Thank you very much for this article! You have indeed saved me a lot of work figuring this out.

Brian Drum 06 December 2008 17:33

I really appreciate the write-up. This is exactly the direction I wanted to take my Symphony install, and I’ve already adapted the technique for Flickr.

It’s worth mentioning that the maximum number of results from your cached data source should be greater than or equal to the number of results you will get from your API response, or you will get duplicates.

Nick 06 December 2008 17:49

Michael, Brian, you’re most welcome.
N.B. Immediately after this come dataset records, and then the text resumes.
lemma umlaut_margXZ_le_margYZ:
  assumes "\<forall>t. 0 \<le> R t" "markov_chain R"
  shows "umlaut (margXZ R) \<le> umlaut (margYZ R)"
proof -
  have "\<forall>t. 0 \<le> (\<lambda>(y, x). margXY R (x, y)) t"
    using margXY_nonneg[OF assms(1)] by auto
  moreover have "margXZ R = push_kernel (kernel_fst (cond_kernel (\<lambda>(y, x). margXY R (x, y)))) (margYZ R)"
    using markov_chain_margYZ_cond[OF assms]
    by (simp add: fun_eq_iff push_kernel_fst margXZ_def)
  ultimately show ?thesis
    using assms by (simp add: umlaut_push_kernel_fst_le stochastic_cond_kernel margYZ_nonneg)
qed

definition cond_positive :: "('a::finite \<times> 'b::finite \<Rightarrow> real) \<Rightarrow> 'b \<Rightarrow> bool" where
  "cond_positive P b \<longleftrightarrow> (\<forall>a. 0 < marg1 P a \<longrightarrow> 0 < P (a, b))"

text \<open>The weight exp (E ln P(b|A)) of the paper, written with kl_term; it vanishes exactly on
  the columns b for which some P(b|a) with P(a) > 0 is zero.\<close>
definition umlaut_weight :: "('a::finite \<times> 'b::finite \<Rightarrow> real) \<Rightarrow> 'b \<Rightarrow> real" where
  "umlaut_weight P b =
     (if cond_positive P b then exp (- (\<Sum>a\<in>UNIV. kl_term (marg1 P a) (P (a, b)))) else 0)"

definition umlaut_minimizer :: "('a::finite \<times> 'b::finite \<Rightarrow> real) \<Rightarrow> 'b \<Rightarrow> real" where
  "umlaut_minimizer P b = umlaut_weight P b / (\<Sum>b'\<in>UNIV. umlaut_weight P b')"

lemma cond_positive_iff:
  assumes "\<forall>t. 0 \<le> P t"
  shows "cond_positive P b \<longleftrightarrow> (\<forall>a. 0 < P (a, b) / marg1 P a \<or> marg1 P a = 0)"
  using assms marg1_nonneg[OF assms]
  by (auto simp: cond_positive_def zero_less_divide_iff order_less_le)

context
  fixes P :: "'a::finite \<times> 'b::finite \<Rightarrow> real"
  assumes P: "is_dist P"
begin

lemma is_dist_nonneg: "\<forall>t. 0 \<le> P t"
  using P by (simp add: is_dist_def)

lemma sum_marg1_eq_1: "(\<Sum>a\<in>UNIV. marg1 P a) = 1"
  using P by (simp add: is_dist_def marg1_def sum_UNIV_prod)

lemma KL_prod_eq_infinity:
  assumes "0 < Q b" "\<not> cond_positive P b"
  shows "KL (\<lambda>(a, b). marg1 P a * Q b) P = \<infinity>"
proof -
  obtain a where a: "0 < marg1 P a" "\<not> 0 < P (a, b)"
    using assms(2) by (auto simp: cond_positive_def)
  then have "P (a, b) = 0"
    using is_dist_nonneg by (simp add: order_less_le)
  moreover have "0 < marg1 P a * Q b"
    using a assms(1) by simp
  ultimately show ?thesis
    by (intro KL_eq_infinity[of _ "(a, b)"]) simp_all
qed

lemma sum_kl_term_column:
  assumes "cond_positive P b" "0 < q"
  shows "(\<Sum>a\<in>UNIV. kl_term (marg1 P a * q) (P (a, b))) = kl_term q (umlaut_weight P b)"
proof -
  define S where "S = (\<Sum>a\<in>UNIV. kl_term (marg1 P a) (P (a, b)))"
  have "(\<Sum>a\<in>UNIV. kl_term (marg1 P a * q) (P (a, b)))
      = (\<Sum>a\<in>UNIV. q * kl_term (marg1 P a) (P (a, b)) + marg1 P a * q * ln q)"
    using assms marg1_nonneg[OF is_dist_nonneg]
    by (intro sum.cong refl kl_term_mult_right) (auto simp: cond_positive_def)
  also have "\<dots> = q * (ln q + S)"
    by (simp add: S_def sum.distrib sum_distrib_left[symmetric] sum_distrib_right[symmetric]
        sum_marg1_eq_1 algebra_simps)
  also have "\<dots> = kl_term q (umlaut_weight P b)"
    using assms by (simp add: kl_term_def umlaut_weight_def S_def ln_div)
  finally show ?thesis .
qed

lemma KL_prod_eq_sum:
  assumes Q: "is_dist Q" and supp: "\<forall>b. 0 < Q b \<longrightarrow> cond_positive P b"
  shows "KL (\<lambda>(a, b). marg1 P a * Q b) P = ereal (\<Sum>b\<in>UNIV. kl_term (Q b) (umlaut_weight P b))"
proof -
  have Q0: "0 \<le> Q b" for b
    using Q by (simp add: is_dist_def)
  have "P (a, b) \<noteq> 0" if "0 < marg1 P a * Q b" for a b
  proof -
    have "0 < marg1 P a" "0 < Q b"
      using that marg1_nonneg[OF is_dist_nonneg, of a] Q0[of b] by (auto simp: zero_less_mult_iff)
    with supp have "0 < P (a, b)"
      by (simp add: cond_positive_def)
    then show ?thesis by simp
  qed
  then have "KL (\<lambda>(a, b). marg1 P a * Q b) P
      = ereal (\<Sum>b\<in>UNIV. \<Sum>a\<in>UNIV. kl_term (marg1 P a * Q b) (P (a, b)))"
    by (subst KL_eq_sum) (auto simp: sum_UNIV_prod intro: sum.swap)
  also have "(\<Sum>b\<in>UNIV. \<Sum>a\<in>UNIV. kl_term (marg1 P a * Q b) (P (a, b)))
      = (\<Sum>b\<in>UNIV. kl_term (Q b) (umlaut_weight P b))"
  proof (intro sum.cong refl)
    fix b
    show "(\<Sum>a\<in>UNIV. kl_term (marg1 P a * Q b) (P (a, b))) = kl_term (Q b) (umlaut_weight P b)"
    proof (cases "Q b = 0")
      case False
      with Q0[of b] supp show ?thesis
        by (intro sum_kl_term_column) (auto simp: order_less_le)
    qed (simp add: kl_term_def)
  qed
  finally show ?thesis .
qed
That’s a good point Brian, one I forgot to mention.

Josh N. 10 December 2008 21:50

Thanks for this! I think it’ll be really handy.

Anders Thoresson 11 December 2008 10:50

@Brian Drum: Would you mind posting your Flickr-adaptation over at Overture?
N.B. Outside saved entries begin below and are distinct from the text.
lemma inverse_congruence:
  fixes U V C :: "real mat"
  assumes U: "U \<in> carrier_mat n n" and V: "V \<in> carrier_mat n n" and C: "C \<in> carrier_mat d n"
    and "det V \<noteq> 0" and sV: "transpose_mat V = V"
  defines "W \<equiv> minv V * transpose_mat C"
  shows "V * W = transpose_mat C"
    and "C * minv V * transpose_mat C = transpose_mat W * V * W"
    and "C * minv V * U * minv V * transpose_mat C = transpose_mat W * U * W"
proof -
  define B where "B = minv V"
  have B: "B \<in> carrier_mat n n" and VB: "V * B = 1\<^sub>m n"
    using minv_inverse[OF V \<open>det V \<noteq> 0\<close>] unfolding B_def by auto
  have sB: "transpose_mat B = B" unfolding B_def by (rule transpose_minv[OF V \<open>det V \<noteq> 0\<close> sV])
  have W: "W \<in> carrier_mat n d" unfolding W_def B_def[symmetric] using B C by simp
  have WT: "transpose_mat W = C * B"
    unfolding W_def B_def[symmetric] using transpose_mult[OF B, of "transpose_mat C" d] C sB by simp
  show VW: "V * W = transpose_mat C"
    unfolding W_def B_def[symmetric] using VB B V C by (simp flip: assoc_mult_mat[of V n n B n])
  have "transpose_mat W * V * W = (C * B) * (V * W)"
    unfolding WT using B V C W by (intro assoc_mult_mat[of _ d n _ n _ d]) auto
  thus "C * minv V * transpose_mat C = transpose_mat W * V * W" unfolding VW B_def ..
  have "transpose_mat W * U * W = (C * B * U) * (B * transpose_mat C)"
    unfolding WT by (simp only: W_def B_def)
  moreover have "C * B * U \<in> carrier_mat d n" using B U C by simp
  ultimately show "C * minv V * U * minv V * transpose_mat C = transpose_mat W * U * W"
    using assoc_mult_mat[of "C * B * U" d n B n "transpose_mat C" d] B C unfolding B_def by simp
qed
lemma to_zeta_zeta_section:
  assumes "q \<in> nondeg_jets" "N \<le> r"
  shows "to_zeta N (zeta_section N p (zeta_args r q)) =
    (\<lambda>c. if c = Z1 \<or> zeta_slot N c then to_zeta N q c else to_zeta N p c)"
proof
  fix c
  let ?s = "zeta_section N p (zeta_args r q)"
  show "to_zeta N ?s c = (if c = Z1 \<or> zeta_slot N c then to_zeta N q c else to_zeta N p c)"
  proof (cases "zeta_slot N c")
    case True
    then show ?thesis
    proof (cases rule: zeta_slotE)
      case (1 j)
      then have "to_zeta N ?s c = zeta1 (j - 1) q"
        using to_zeta_W1[of j N ?s] zeta_section_W1[of j N p] assms(2) by (simp add: zeta_args_def)
      then show ?thesis
        using 1 True assms(1) by (simp add: to_zeta_def zeta1_eq_jeval)
    next
      case (2 j)
      moreover have "j - 1 \<le> r" "j - 2 \<le> r" using 2 assms(2) by auto
      ultimately have "to_zeta N ?s c = zeta2 (j - 2) q"
        using to_zeta_W0[of j N ?s] zeta_section_W0[of j N p] zeta_section_W1[of j N p] assms(2)
        by (simp add: zeta_args_def)
      then show ?thesis
        using 2 True assms(1) by (simp add: to_zeta_def zeta2_eq_jeval)
    qed
  next
    case False
    then show ?thesis
      by (cases c) (auto simp: zeta_section_def zeta_args_def zeta_slot_def)
  qed
qed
Brian Drum 13 December 2008 13:58

@Anders Thoresson: I definitely intend to – I‘ll try to get to it later this week. I had a meltdown with my local development install of Symphony, and I’d like to get that figured out first.
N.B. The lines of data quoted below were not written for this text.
lemma prime_complement_maximal:
  assumes N: "subgroup N G" "Factorial_Ring.prime (card N)" and L: "subgroup L G"
    and A: "A \<subseteq> N <#> L"
    and P: "subgroup P G" "L \<subseteq> P" "P \<subseteq> A" "\<not> P \<subseteq> L"
  shows "P = A"
proof -
  obtain p where p: "p \<in> P" "p \<notin> L" using P(4) by blast
  then obtain n l where nl: "n \<in> N" "l \<in> L" "p = n \<otimes> l"
    using A P(3) unfolding set_mult_def by blast
  have c: "n \<in> carrier G" "l \<in> carrier G"
    using nl N(1) L by (auto dest: subgroup.mem_carrier)
  have "n = p \<otimes> inv l" using nl(3) c by (simp add: m_assoc)
  moreover have "p \<otimes> inv l \<in> P"
    using nl(2) P(2) subgroup.m_closed[OF P(1) p(1) subgroup.m_inv_closed[OF P(1)]] by blast
  ultimately have "n \<in> N \<inter> P" using nl(1) by simp
  moreover have "n \<noteq> \<one>" using nl p(2) c by auto
  ultimately have "N \<inter> P = N"
    using subgroup_of_prime_card[OF N subgroups_Inter_pair[OF N(1) P(1)]] by blast
  then have "N <#> L \<subseteq> P"
    using set_mult_subset_subgroup[OF P(1)] P(2) by blast
  then show ?thesis using A P(3) by blast
qed

lemma generate_right_stable:
  assumes C: "C \<subseteq> carrier G" and S: "S \<subseteq> carrier G"
    and stable: "\<And>c s. c \<in> C \<Longrightarrow> s \<in> S \<Longrightarrow> c \<otimes> s \<in> C \<and> c \<otimes> inv s \<in> C"
    and x: "x \<in> generate G S"
  shows "\<forall>c\<in>C. c \<otimes> x \<in> C"
  using x
proof (induction x rule: generate.induct)
  case one
  then show ?case using C by auto
next
  case (incl s)
  then show ?case using stable by blast
next
  case (inv s)
  then show ?case using stable by blast
next
  case (eng x y)
  have "x \<in> carrier G" "y \<in> carrier G"
    using eng.hyps generate_in_carrier[OF S] by auto
  then show ?case
    using eng.IH C by (auto simp: m_assoc[symmetric] subset_iff)
qed

lemma normal_generate_conjugates:
  assumes Q: "Q \<subseteq> carrier G"
  shows "generate G {g \<otimes> q \<otimes> inv g | g q. g \<in> carrier G \<and> q \<in> Q} \<lhd> G"
proof (rule normal_generateI)
  show "{g \<otimes> q \<otimes> inv g | g q. g \<in> carrier G \<and> q \<in> Q} \<subseteq> carrier G" using Q by auto
  fix s g assume "s \<in> {g \<otimes> q \<otimes> inv g | g q. g \<in> carrier G \<and> q \<in> Q}" and g: "g \<in> carrier G"
  then obtain h q where hq: "h \<in> carrier G" "q \<in> Q" "s = h \<otimes> q \<otimes> inv h" by blast
  then have "g \<otimes> s \<otimes> inv g = (g \<otimes> h) \<otimes> q \<otimes> inv (g \<otimes> h)"
    using g Q by (auto simp: m_assoc inv_mult_group)
  then show "g \<otimes> s \<otimes> inv g \<in> {g \<otimes> q \<otimes> inv g | g q. g \<in> carrier G \<and> q \<in> Q}"
    using g hq(1,2) by blast
qed

lemma normal_imp_G_invariant:
  assumes "H \<lhd> G"
  shows "G_invariant G H"
  unfolding G_invariant_def
proof (intro ballI equalityI subsetI)
  fix g x assume "g \<in> carrier G" "x \<in> (\<lambda>h. g \<otimes> h \<otimes> inv g) ` H"
  then show "x \<in> H" using normal.inv_op_closed2[OF assms] by blast
next
  fix g h assume g: "g \<in> carrier G" and h: "h \<in> H"
  have "h \<in> carrier G" using h subgroup.mem_carrier[OF normal_imp_subgroup[OF assms]] by blast
  then have "h = g \<otimes> (inv g \<otimes> h \<otimes> inv (inv g)) \<otimes> inv g" using g by (simp add: m_assoc)
  moreover have "inv g \<otimes> h \<otimes> inv (inv g) \<in> H"
    using normal.inv_op_closed2[OF assms inv_closed[OF g] h] .
  ultimately show "h \<in> (\<lambda>h. g \<otimes> h \<otimes> inv g) ` H" by (rule image_eqI)
qed

lemma normal_Union_chain:
  assumes "\<C> \<noteq> {}" and normal: "\<And>L. L \<in> \<C> \<Longrightarrow> L \<lhd> G" and "subset.chain \<A> \<C>"
  shows "\<Union>\<C> \<lhd> G"
proof (rule normal_invI)
  have sub: "subgroup L G" if "L \<in> \<C>" for L using normal_imp_subgroup[OF normal[OF that]] .
  show "subgroup (\<Union>\<C>) G"
  proof (rule subgroupI)
    show "\<Union>\<C> \<subseteq> carrier G" using subgroup.subset[OF sub] by blast
    show "\<Union>\<C> \<noteq> {}" using assms(1) subgroup.one_closed[OF sub] by blast
    show "inv a \<in> \<Union>\<C>" if a: "a \<in> \<Union>\<C>" for a
    proof -
      obtain L where "L \<in> \<C>" "a \<in> L" using a by blast
      then show ?thesis using subgroup.m_inv_closed[OF sub] by blast
    qed
    show "a \<otimes> b \<in> \<Union>\<C>" if ab: "a \<in> \<Union>\<C>" "b \<in> \<Union>\<C>" for a b
    proof -
      obtain La Lb where L: "La \<in> \<C>" "Lb \<in> \<C>" "a \<in> La" "b \<in> Lb" using ab by blast
      have "La \<subseteq> Lb \<or> Lb \<subseteq> La"
        using assms(3) L(1,2) unfolding subset_chain_def by blast
      then show ?thesis
        using L subgroup.m_closed[OF sub[OF L(1)], of a b] subgroup.m_closed[OF sub[OF L(2)], of a b]
        by blast
    qed
  qed
  show "x \<otimes> h \<otimes> inv x \<in> \<Union>\<C>" if x: "x \<in> carrier G" and h: "h \<in> \<Union>\<C>" for x h
  proof -
    obtain L where L: "L \<in> \<C>" "h \<in> L" using h by blast
    then show ?thesis using normal.inv_op_closed2[OF normal[OF L(1)] x L(2)] by blast
  qed
qed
Skyler Richter 15 December 2008 17:07

I have modified the cron.save-tweets.php to pull and archive delicious bookmarks but cant post all the code here… email me so i can give you the code..

Anders Thoresson 16 December 2008 11:13

@nickdunn: In the loop setup, where the post is created out of all new tweets, you have

for($i=0; $i < count($new_jaiks) - 1; $i++)

But if there is just one new tweet, it wont be added to the database?

for($i=0; $i < count($new_jaiks); $i++) works for me. Am I missing something?

@Brian Drum: Great!

Nick 16 December 2008 21:00

@Anders: you’re quite right. I meant to use the “<=” instead of simply “<” but your fix works also. I have amended the code in the post. Ta :-)

Anders Thoresson 22 December 2008 10:11

The usefulness of this is really big. Just adapted it to Delicious: I’m both importing the links one by one to my local database, but also creates a new blogpost in category “Read tips” with all new ones together.

Nick 22 December 2008 12:16

Great! On one client site of ours we are caching twenty Flickr accounts, Bebo blogs, Twitter feeds and Vimeo video feeds (about 80 feeds in total) into various Section and it works really well.

I’d be interested to see what other applications people find for this method.

Anders Thoresson 29 December 2008 19:48

Nick, would you mind posting a link to that site?

Nick 30 December 2008 01:19

@Anders: I believe we are under NDA so can’t disclose the site and its underlying technology. I’ll request permission from the powers above and see what they say.

Nick Dunn 05 January 2009 16:49

Anders, the site in question is Battlefront. For each of the twenty official Campaigners we have a Bebo Blog, Flickr profile, Vimeo video account and a Twitter stream. Some also have a Blogger profile. These are polled at regular intervals (either parsing RSS feeds, API XML or HTML scraping) and the content inserted into the appropriate Symphony sections. The website editor is then alerted to new content and is able to moderate, approve/decline and push the content live.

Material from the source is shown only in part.